D3.E.3 Design Equations

D3.E.3.1 Tensile Strength

The allowable tensile strength, as calculated in STAAD as per BS5950-5, section 7 is described below.

The tensile strength, P_t of the member should be determined from clause 7.2.1

P_t = A_ep_y

where

A_e	=	the net area An determined in accordance with cl.3.5.4
p_y	=	the design strength

D3.E.3.2 Combined bending and tension

As per clause 7.3 of BS 5950-5:1998 members subjected to both axial tension and bending should be proportioned such that the following relationships are satisfied at the ultimate limit state

F_t/P^t + M_z/M_cz + M_y/M_cy ≤ 1

M_z/M_cz ≤ 1

and

M_y/M_cy ≤ 1

where

F_t	=	the applies tensile strength
P_t	=	the tensile capacity determined in accordance with clause 7.2.1 of the subject code
M_z,M_y,M_cz,M_cy	=	as defined in clause 6.4.2 of the subject code

D3.E.3.3 Compressive Strength

The allowable Compressive strength, as calculated in STAAD as per BS5950-5, section 6 is described below

For sections symmetrical about both principal axes or closed cross-sections which are not subjected to torsional flexural buckling, the buckling resistance under axial load, Pc, may be obtained from the following equation as per clause 6.2.3 of the subject code

P_{c} = \frac{P_{E} P_{c s}}{ϕ + \sqrt{ϕ^{2} - P_{E} P_{c s}}}

For sections symmetrical about a single axis and which are not subject to torsional flexural buckling, the buckling resistance under axial load, P_c, may be obtained from the following equation as per clause 6.2.4 of the subject code

{P'}_{c} = \frac{M_{c} P_{c}}{(M_{c} {+ P}_{c} e_{s})}

Where the meanings of the symbols used are indicated in the subject clauses.
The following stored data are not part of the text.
lemma laplace_transform_logistic:
  fixes c s :: real
  assumes c: "0 < c" and s: "0 < s"
  defines "h \<equiv> \<lambda>t. c * exp (- (s * t)) / (1 + c * exp (- (s * t)))"
  shows "set_integrable lborel {0<..} (\<lambda>t. exp (-t) * h t)"
    and "(LBINT t=0..\<infinity>. exp (-t) * h t)
           = c powr (- 1 / s) / s *
             (LBINT y=0..c / (1 + c). y powr (1 / s) * (1 - y) powr (- 1 / s - 1))"
proof -
  define q where "q = 1 / s"
  define x where "x = c / (1 + c)"
  have x: "0 < x" "x < 1" using c by (auto simp: x_def field_simps)
  \<comment> \<open>$t = -G(y)$ inverts the substitution $y = c e^{-st} / (1 + c e^{-st})$\<close>
  define G where "G = (\<lambda>y. (ln y - ln (1 - y) - ln c) / s)"
  define g where "g = (\<lambda>y. 1 / (s * y * (1 - y)))"
  define F where "F = (\<lambda>y. c powr (-q) / s * (y powr q * (1 - y) powr (- (q + 1))))"
  have F_eq: "exp (G y) * h (- G y) * g y = F y" if y: "0 < y" "y < x" for y
  proof -
    have y1: "y < 1" using y x by simp
    have odds: "exp (- (s * - G y)) = y / ((1 - y) * c)"
      using y y1 c s by (simp add: G_def exp_diff)
    have h_val: "h (- G y) = y"
      unfolding h_def odds using y y1 c by (simp add: field_simps)
    have exp_val: "exp (G y) = y powr q / (1 - y) powr q / c powr q"
    proof -
      have "G y = q * ln y - q * ln (1 - y) - q * ln c"
        by (simp add: G_def q_def diff_divide_distrib)
      then show ?thesis using y y1 c by (simp add: powr_def exp_diff)
    qed
    have power_val: "(1 - y) powr (- (q + 1)) = 1 / ((1 - y) powr q * (1 - y))"
      unfolding powr_minus_divide powr_add using y1 by simp
    show ?thesis
      unfolding h_val exp_val F_def g_def power_val using y y1 c s
      by (simp add: powr_minus_divide field_simps)
  qed
  have G_at_x: "(G \<longlongrightarrow> 0) (at_left x)"
  proof -
    have "ln x - ln (1 - x) - ln c = 0"
      using x c by (simp add: x_def ln_div field_simps)
    moreover have "(G \<longlongrightarrow> (ln x - ln (1 - x) - ln c) / s) (at x)"
      unfolding G_def using x s by (intro tendsto_intros) auto
    ultimately show ?thesis using tendsto_mono[OF at_le[OF subset_UNIV]] by simp
  qed
  have G_at_0: "filterlim G at_bot (at_right 0)"
  proof -
    have "((\<lambda>y. - ln (1 - y) - ln c) \<longlongrightarrow> - ln (1 - 0) - ln c) (at_right 0)"
      by (intro tendsto_intros) auto
    from filterlim_ln_plus_at_bot[OF this s] show ?thesis
      by (simp add: G_def algebra_simps)
  qed
  have F_int: "set_integrable lborel {0<..<x} F"
    unfolding F_def using set_integrable_incomplete_beta[of q "q + 1" x] x s
    by (intro set_integrable_mult_right) (auto simp: q_def)
  have denominator_pos: "0 < 1 + c * exp (- (s * t))" for t
    using c by (simp add: add_pos_pos)
  have h_pos: "0 < h t" for t
    using c denominator_pos[of t] by (simp add: h_def)
  have h_cont: "isCont h t" for t
    unfolding h_def by (intro continuous_intros) (use denominator_pos[of t] in auto)
  have G_deriv: "DERIV G y :> g y" and g_cont: "isCont g y" if "0 < y" "y < 1" for y
    unfolding G_def g_def using that s
    by (auto intro!: derivative_eq_intros continuous_intros simp: field_simps)
  have G_neg: "G y < 0" if "0 < y" "y < x" for y
  proof -
    have y1: "y < 1" using that x by simp
    have "y / (1 - y) < c" using that y1 c by (simp add: x_def field_simps)
    then have "ln (y / (1 - y)) < ln c" using that y1 c by simp
    then have "ln y - ln (1 - y) < ln c" using that y1 by (simp add: ln_div)
    then show "G y < 0" using s by (simp add: G_def divide_neg_pos)
  qed
  note subst = laplace_integral_substitution
      [OF x(1) G_deriv g_cont _ G_neg h_cont _ G_at_0 G_at_x F_eq F_int]
  show "set_integrable lborel {0<..} (\<lambda>t. exp (-t) * h t)"
    using subst(1) h_pos s x by (simp add: less_imp_le g_def)
  have "(LBINT y=0..x. F y) = c powr (-q) / s * (LBINT y=0..x. y powr q * (1 - y) powr (- (q + 1)))"
    unfolding F_def by (rule interval_lebesgue_integral_mult_right)
  with subst(2) h_pos s x
  show "(LBINT t=0..\<infinity>. exp (-t) * h t)
           = c powr (- 1 / s) / s *
             (LBINT y=0..c / (1 + c). y powr (1 / s) * (1 - y) powr (- 1 / s - 1))"
    by (simp add: q_def x_def g_def less_imp_le)
qed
D3.E.3.4 Torsional flexural buckling

Design of the members which have at least one axis of symmetry, and which are subject to torsional flexural buckling should be done according to the stipulations of the clause 6.3.2 using factored slenderness ratio αL_E/r in place of actual slenderness ratio while reading Table 10 for the value of Compressive strength(p_c).

where

α	=	(P_E/P_TF) when P_E > P_TF
α	=	1, otherwise

Where the meanings of the symbols used are indicated in the subject clause.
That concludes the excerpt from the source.